(STUDY MATERIAL Opens)

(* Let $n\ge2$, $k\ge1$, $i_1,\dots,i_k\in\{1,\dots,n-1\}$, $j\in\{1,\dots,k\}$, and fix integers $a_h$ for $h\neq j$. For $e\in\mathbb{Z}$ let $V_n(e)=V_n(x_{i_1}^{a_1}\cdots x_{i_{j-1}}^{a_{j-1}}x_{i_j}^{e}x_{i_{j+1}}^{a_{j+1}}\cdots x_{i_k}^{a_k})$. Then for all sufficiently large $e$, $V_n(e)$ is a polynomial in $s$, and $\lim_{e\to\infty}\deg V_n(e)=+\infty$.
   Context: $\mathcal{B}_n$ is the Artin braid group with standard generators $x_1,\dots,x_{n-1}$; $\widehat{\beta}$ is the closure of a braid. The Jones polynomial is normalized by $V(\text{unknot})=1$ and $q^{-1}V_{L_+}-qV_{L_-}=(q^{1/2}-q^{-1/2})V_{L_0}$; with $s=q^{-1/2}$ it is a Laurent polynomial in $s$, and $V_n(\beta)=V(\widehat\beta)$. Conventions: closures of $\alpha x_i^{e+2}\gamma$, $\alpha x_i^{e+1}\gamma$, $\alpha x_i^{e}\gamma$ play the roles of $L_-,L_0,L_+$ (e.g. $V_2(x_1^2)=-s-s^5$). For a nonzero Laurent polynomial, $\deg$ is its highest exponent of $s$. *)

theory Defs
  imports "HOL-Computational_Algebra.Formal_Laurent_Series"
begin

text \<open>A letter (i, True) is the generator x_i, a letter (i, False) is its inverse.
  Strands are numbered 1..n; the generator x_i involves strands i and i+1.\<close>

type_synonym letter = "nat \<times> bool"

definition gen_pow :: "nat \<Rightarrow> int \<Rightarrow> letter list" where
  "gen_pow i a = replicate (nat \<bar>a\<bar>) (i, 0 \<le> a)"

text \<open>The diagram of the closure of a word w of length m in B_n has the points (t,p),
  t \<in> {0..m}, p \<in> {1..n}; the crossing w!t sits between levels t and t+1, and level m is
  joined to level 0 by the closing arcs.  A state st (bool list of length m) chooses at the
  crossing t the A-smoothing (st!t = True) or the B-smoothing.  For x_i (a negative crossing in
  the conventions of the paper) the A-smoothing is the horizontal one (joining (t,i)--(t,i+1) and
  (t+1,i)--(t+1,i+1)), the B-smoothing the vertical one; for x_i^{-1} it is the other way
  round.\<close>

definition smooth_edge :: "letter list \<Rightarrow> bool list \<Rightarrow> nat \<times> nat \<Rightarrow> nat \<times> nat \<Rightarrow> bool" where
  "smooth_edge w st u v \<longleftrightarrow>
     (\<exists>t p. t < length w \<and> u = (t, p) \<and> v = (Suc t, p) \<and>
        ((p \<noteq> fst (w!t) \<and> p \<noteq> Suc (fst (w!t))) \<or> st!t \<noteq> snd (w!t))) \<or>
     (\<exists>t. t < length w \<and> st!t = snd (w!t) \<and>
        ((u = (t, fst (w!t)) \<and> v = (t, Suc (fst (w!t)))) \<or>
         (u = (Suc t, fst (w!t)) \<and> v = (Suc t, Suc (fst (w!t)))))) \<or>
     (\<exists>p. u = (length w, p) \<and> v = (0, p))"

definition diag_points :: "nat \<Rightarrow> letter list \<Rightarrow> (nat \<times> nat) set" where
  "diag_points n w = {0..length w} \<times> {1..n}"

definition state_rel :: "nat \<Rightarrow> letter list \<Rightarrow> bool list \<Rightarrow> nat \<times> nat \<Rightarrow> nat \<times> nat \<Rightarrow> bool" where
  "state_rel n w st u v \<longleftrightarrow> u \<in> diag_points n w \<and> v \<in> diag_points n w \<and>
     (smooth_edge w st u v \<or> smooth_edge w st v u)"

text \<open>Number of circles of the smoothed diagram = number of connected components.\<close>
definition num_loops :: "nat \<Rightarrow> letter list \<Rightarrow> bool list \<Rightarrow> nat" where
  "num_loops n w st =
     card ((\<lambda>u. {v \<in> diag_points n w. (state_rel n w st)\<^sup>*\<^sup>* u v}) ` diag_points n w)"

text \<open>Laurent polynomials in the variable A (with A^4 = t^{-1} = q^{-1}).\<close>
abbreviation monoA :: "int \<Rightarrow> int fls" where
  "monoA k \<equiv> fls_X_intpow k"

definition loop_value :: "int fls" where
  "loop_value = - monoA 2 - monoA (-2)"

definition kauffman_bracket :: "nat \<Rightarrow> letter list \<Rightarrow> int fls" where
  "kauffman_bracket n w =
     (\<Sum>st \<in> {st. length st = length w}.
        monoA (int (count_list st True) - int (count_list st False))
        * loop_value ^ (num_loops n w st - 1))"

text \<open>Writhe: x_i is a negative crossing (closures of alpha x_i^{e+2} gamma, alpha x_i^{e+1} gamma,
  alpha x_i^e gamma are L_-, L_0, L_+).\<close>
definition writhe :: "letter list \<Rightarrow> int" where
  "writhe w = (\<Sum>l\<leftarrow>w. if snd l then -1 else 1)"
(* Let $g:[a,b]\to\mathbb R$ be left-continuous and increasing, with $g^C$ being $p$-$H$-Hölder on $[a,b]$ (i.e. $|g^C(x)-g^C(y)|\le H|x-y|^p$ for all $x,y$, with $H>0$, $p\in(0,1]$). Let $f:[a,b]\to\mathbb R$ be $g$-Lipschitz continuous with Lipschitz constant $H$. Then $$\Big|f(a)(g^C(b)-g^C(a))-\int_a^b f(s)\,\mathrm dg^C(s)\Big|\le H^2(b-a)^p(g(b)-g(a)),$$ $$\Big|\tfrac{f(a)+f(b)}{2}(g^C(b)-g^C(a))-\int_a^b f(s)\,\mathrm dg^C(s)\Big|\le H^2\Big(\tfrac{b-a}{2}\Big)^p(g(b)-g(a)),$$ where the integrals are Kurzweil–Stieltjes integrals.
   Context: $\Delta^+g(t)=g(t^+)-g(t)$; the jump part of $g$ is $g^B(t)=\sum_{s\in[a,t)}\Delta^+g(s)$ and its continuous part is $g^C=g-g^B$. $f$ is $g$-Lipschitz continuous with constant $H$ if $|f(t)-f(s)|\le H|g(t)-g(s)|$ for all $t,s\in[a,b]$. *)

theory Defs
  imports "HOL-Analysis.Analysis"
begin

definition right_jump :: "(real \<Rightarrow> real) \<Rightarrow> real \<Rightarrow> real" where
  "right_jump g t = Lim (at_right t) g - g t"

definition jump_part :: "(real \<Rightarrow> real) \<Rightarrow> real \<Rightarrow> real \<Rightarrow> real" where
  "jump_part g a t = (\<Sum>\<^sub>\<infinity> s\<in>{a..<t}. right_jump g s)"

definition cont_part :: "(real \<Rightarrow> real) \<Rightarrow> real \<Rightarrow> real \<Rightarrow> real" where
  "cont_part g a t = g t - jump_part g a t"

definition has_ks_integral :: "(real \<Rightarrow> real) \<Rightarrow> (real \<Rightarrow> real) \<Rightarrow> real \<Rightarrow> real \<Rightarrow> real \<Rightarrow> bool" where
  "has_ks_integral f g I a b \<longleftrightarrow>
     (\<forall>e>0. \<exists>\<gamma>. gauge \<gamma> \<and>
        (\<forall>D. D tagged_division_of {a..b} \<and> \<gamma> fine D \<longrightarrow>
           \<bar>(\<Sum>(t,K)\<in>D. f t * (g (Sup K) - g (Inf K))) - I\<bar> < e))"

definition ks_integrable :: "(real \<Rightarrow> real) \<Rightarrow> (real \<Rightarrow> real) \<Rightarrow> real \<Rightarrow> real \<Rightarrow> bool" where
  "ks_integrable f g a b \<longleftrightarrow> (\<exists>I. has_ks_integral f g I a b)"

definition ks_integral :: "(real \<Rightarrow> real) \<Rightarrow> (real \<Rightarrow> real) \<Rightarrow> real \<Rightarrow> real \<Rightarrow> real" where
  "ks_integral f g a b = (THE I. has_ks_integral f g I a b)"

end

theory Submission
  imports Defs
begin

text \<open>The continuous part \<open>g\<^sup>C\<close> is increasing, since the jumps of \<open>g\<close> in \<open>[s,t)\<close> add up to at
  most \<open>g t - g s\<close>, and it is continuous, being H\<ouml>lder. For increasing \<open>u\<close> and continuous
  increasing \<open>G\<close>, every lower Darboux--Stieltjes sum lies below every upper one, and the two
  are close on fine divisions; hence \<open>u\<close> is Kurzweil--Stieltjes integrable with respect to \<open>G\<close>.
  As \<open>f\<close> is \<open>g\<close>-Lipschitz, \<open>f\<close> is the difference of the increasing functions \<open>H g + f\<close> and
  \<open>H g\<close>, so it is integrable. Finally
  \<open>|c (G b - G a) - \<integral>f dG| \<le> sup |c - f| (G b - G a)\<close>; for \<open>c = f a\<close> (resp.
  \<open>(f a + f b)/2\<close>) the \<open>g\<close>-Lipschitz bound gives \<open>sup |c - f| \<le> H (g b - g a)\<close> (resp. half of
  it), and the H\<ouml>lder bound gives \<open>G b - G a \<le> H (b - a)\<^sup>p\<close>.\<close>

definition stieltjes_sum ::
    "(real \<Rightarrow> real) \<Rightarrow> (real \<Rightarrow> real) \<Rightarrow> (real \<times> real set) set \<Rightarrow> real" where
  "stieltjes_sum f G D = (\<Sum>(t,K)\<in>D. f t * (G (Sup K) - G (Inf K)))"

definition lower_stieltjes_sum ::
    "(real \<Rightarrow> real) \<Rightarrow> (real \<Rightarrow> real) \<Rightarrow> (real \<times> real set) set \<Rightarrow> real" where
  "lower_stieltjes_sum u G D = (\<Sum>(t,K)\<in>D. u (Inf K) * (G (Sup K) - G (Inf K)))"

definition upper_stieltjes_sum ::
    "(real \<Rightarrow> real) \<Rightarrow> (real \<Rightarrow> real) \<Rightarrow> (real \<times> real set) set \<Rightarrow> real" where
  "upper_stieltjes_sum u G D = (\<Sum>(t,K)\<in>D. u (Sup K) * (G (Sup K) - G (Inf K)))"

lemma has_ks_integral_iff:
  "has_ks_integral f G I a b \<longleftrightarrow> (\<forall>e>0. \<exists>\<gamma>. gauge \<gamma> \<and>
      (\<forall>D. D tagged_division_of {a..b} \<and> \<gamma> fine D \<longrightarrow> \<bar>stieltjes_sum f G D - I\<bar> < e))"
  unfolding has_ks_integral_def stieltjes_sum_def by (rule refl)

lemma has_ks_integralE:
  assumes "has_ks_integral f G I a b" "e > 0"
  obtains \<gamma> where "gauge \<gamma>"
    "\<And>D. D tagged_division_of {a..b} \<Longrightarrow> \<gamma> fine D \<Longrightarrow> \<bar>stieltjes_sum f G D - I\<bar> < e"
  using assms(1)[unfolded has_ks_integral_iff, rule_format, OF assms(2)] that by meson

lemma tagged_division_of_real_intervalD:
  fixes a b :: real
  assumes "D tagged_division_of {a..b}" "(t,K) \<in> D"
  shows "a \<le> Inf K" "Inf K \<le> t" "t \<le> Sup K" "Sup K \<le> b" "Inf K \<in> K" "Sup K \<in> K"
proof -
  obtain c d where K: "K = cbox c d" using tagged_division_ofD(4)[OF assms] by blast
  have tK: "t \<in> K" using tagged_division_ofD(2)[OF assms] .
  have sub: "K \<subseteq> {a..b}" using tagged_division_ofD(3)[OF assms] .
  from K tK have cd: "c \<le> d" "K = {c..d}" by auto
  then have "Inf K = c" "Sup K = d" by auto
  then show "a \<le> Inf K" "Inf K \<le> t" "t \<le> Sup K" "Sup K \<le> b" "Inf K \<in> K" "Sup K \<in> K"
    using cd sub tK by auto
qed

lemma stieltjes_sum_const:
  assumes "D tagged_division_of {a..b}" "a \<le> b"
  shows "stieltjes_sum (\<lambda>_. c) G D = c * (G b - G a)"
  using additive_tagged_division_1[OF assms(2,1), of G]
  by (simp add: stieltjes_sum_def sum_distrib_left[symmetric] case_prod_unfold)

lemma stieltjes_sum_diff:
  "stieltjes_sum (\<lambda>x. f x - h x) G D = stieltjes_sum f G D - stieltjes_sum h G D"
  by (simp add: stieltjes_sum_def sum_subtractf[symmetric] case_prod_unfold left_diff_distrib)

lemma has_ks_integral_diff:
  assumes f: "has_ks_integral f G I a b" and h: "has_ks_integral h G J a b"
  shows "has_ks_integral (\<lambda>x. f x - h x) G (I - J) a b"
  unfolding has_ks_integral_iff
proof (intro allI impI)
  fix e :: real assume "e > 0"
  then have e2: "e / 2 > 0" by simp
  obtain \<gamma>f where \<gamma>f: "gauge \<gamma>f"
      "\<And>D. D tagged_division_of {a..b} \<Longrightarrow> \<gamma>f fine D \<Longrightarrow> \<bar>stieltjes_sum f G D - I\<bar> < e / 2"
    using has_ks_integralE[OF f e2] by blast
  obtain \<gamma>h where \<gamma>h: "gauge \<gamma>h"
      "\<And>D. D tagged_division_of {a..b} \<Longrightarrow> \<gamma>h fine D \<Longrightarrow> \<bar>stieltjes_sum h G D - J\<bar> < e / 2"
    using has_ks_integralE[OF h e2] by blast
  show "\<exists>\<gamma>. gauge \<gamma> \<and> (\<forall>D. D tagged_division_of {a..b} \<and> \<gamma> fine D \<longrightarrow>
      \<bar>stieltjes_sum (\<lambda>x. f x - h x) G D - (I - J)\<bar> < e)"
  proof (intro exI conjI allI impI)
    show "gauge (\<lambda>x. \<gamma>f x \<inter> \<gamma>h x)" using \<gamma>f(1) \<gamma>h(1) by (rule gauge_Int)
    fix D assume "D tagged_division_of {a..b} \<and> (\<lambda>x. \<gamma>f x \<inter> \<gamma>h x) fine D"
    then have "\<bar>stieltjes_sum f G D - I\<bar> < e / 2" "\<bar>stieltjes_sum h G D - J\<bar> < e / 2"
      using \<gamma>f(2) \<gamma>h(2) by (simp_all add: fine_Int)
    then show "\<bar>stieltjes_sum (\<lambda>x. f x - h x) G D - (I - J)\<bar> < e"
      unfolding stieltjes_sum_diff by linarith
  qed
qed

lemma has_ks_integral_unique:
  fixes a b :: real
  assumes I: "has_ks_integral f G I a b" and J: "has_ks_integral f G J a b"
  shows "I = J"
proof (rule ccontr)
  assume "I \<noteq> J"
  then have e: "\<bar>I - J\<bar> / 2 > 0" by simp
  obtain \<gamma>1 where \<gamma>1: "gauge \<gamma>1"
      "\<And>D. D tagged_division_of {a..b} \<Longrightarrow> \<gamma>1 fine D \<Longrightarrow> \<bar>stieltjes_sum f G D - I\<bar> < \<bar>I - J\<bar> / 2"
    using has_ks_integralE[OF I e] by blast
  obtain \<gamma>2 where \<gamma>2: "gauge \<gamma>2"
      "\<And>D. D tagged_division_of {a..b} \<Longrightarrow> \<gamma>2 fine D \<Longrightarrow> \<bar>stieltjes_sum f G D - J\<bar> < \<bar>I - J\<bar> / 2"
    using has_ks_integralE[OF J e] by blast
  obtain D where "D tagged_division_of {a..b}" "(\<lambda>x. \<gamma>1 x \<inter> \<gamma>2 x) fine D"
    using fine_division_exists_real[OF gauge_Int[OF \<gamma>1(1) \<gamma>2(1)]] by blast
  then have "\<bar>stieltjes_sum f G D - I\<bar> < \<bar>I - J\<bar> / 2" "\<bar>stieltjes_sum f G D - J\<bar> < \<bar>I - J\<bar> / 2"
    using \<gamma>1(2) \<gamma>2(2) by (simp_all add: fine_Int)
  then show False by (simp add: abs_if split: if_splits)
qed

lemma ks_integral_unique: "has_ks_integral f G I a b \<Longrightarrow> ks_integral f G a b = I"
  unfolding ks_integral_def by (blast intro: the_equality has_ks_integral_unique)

(STUDY MATERIAL Closes)

▶ [WHAT YOU HAVE TO DO]: Your response should contain each line of the entries above that holds the string "ouml".

▶ [EXERCISE RESPONSE]:
  most \<open>g t - g s\<close>, and it is continuous, being H\<ouml>lder. For increasing \<open>u\<close> and continuous
  it), and the H\<ouml>lder bound gives \<open>G b - G a \<le> H (b - a)\<^sup>p\<close>.\<close>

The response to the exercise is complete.